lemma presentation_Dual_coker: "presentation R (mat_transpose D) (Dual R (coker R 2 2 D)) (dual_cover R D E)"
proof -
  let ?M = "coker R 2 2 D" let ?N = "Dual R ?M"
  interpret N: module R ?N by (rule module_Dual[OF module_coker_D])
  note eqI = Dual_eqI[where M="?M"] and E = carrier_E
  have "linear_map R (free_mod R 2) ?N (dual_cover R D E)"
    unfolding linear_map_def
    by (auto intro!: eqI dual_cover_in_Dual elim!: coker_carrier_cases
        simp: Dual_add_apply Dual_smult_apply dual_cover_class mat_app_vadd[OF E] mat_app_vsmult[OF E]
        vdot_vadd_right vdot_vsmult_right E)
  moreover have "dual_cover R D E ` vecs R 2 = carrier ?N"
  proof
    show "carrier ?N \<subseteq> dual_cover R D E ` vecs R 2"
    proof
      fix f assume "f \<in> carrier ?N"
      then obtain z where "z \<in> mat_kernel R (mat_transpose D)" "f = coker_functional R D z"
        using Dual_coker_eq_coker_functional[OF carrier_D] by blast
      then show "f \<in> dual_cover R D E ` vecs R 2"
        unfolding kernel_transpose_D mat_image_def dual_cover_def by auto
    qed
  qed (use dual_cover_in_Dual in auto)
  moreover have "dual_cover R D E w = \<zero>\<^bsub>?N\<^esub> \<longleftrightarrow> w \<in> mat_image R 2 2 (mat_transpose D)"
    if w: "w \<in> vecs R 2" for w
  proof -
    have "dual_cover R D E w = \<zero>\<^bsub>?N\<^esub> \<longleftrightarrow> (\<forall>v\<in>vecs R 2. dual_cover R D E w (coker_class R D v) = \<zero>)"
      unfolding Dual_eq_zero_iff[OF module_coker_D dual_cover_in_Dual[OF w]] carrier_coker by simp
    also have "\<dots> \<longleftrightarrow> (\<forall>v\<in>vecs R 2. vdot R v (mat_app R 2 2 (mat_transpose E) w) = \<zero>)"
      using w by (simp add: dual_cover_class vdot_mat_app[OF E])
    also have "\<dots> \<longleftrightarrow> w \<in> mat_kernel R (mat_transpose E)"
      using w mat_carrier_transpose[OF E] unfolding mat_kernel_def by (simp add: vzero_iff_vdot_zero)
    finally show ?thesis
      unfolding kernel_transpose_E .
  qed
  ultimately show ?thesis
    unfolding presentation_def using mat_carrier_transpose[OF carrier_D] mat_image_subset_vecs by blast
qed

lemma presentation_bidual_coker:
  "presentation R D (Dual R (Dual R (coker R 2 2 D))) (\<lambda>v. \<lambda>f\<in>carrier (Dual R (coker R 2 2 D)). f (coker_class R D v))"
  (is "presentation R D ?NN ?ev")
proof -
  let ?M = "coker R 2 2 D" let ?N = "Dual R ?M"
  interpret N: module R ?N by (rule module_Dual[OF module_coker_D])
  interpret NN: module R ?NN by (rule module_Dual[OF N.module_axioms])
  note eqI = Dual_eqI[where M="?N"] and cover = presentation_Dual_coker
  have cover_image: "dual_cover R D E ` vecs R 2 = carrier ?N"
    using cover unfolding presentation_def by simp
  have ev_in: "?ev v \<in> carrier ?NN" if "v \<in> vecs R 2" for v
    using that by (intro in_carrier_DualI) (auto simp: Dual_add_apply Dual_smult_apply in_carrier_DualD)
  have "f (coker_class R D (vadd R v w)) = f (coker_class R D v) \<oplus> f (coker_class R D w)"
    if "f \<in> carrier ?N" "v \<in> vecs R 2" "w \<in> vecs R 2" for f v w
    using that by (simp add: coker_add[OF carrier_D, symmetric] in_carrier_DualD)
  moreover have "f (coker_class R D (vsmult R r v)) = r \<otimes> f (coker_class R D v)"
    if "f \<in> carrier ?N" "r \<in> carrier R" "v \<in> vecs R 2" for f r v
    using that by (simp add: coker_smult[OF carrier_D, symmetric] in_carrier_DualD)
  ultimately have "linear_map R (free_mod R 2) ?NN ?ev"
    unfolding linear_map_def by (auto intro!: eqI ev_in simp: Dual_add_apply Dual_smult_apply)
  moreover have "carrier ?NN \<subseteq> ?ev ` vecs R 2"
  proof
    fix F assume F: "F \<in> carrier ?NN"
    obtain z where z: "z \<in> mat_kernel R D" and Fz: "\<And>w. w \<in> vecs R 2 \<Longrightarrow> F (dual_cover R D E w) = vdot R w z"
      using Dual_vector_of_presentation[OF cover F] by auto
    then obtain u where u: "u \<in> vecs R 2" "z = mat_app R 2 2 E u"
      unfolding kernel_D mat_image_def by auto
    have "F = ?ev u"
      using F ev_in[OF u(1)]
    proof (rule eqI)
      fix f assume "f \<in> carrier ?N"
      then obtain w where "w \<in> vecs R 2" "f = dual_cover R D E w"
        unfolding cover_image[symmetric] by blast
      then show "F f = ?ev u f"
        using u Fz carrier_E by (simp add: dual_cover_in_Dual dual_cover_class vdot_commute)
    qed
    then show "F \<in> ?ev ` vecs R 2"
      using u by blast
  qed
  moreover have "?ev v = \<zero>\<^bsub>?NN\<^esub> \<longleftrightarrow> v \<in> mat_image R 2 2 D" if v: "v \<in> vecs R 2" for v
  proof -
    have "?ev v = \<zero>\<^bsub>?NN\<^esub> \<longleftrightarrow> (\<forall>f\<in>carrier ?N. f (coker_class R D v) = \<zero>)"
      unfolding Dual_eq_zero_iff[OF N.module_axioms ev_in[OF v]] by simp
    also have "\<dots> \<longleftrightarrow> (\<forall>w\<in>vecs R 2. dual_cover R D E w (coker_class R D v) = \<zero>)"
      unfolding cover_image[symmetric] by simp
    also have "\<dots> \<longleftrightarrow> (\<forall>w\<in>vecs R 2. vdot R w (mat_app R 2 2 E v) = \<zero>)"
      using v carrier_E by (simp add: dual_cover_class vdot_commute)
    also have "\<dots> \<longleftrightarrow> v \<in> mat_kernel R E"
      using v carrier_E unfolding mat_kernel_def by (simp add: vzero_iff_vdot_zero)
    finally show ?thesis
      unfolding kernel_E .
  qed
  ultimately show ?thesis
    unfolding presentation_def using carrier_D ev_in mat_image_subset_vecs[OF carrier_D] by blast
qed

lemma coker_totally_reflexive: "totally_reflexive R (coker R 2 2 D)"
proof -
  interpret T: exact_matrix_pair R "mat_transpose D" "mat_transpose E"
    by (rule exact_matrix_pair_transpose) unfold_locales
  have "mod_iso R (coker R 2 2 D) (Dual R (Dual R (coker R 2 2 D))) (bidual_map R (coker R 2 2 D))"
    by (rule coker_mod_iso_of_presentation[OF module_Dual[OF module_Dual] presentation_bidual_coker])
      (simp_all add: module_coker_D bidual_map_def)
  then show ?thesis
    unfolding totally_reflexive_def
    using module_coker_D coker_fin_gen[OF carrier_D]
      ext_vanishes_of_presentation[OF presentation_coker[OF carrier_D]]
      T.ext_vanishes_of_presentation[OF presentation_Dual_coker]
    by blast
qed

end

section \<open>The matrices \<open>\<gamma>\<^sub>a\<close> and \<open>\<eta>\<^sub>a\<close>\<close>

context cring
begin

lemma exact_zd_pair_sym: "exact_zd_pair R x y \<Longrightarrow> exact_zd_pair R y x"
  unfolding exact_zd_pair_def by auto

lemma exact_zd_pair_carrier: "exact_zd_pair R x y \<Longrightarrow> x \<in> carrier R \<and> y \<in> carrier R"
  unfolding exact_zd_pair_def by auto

EXERCISE:
Where does "note" appear in the records above? Copy every line that has it.

RESULT OF THE TASK:
  note eqI = Dual_eqI[where M="?M"] and E = carrier_E
  note eqI = Dual_eqI[where M="?N"] and cover = presentation_Dual_coker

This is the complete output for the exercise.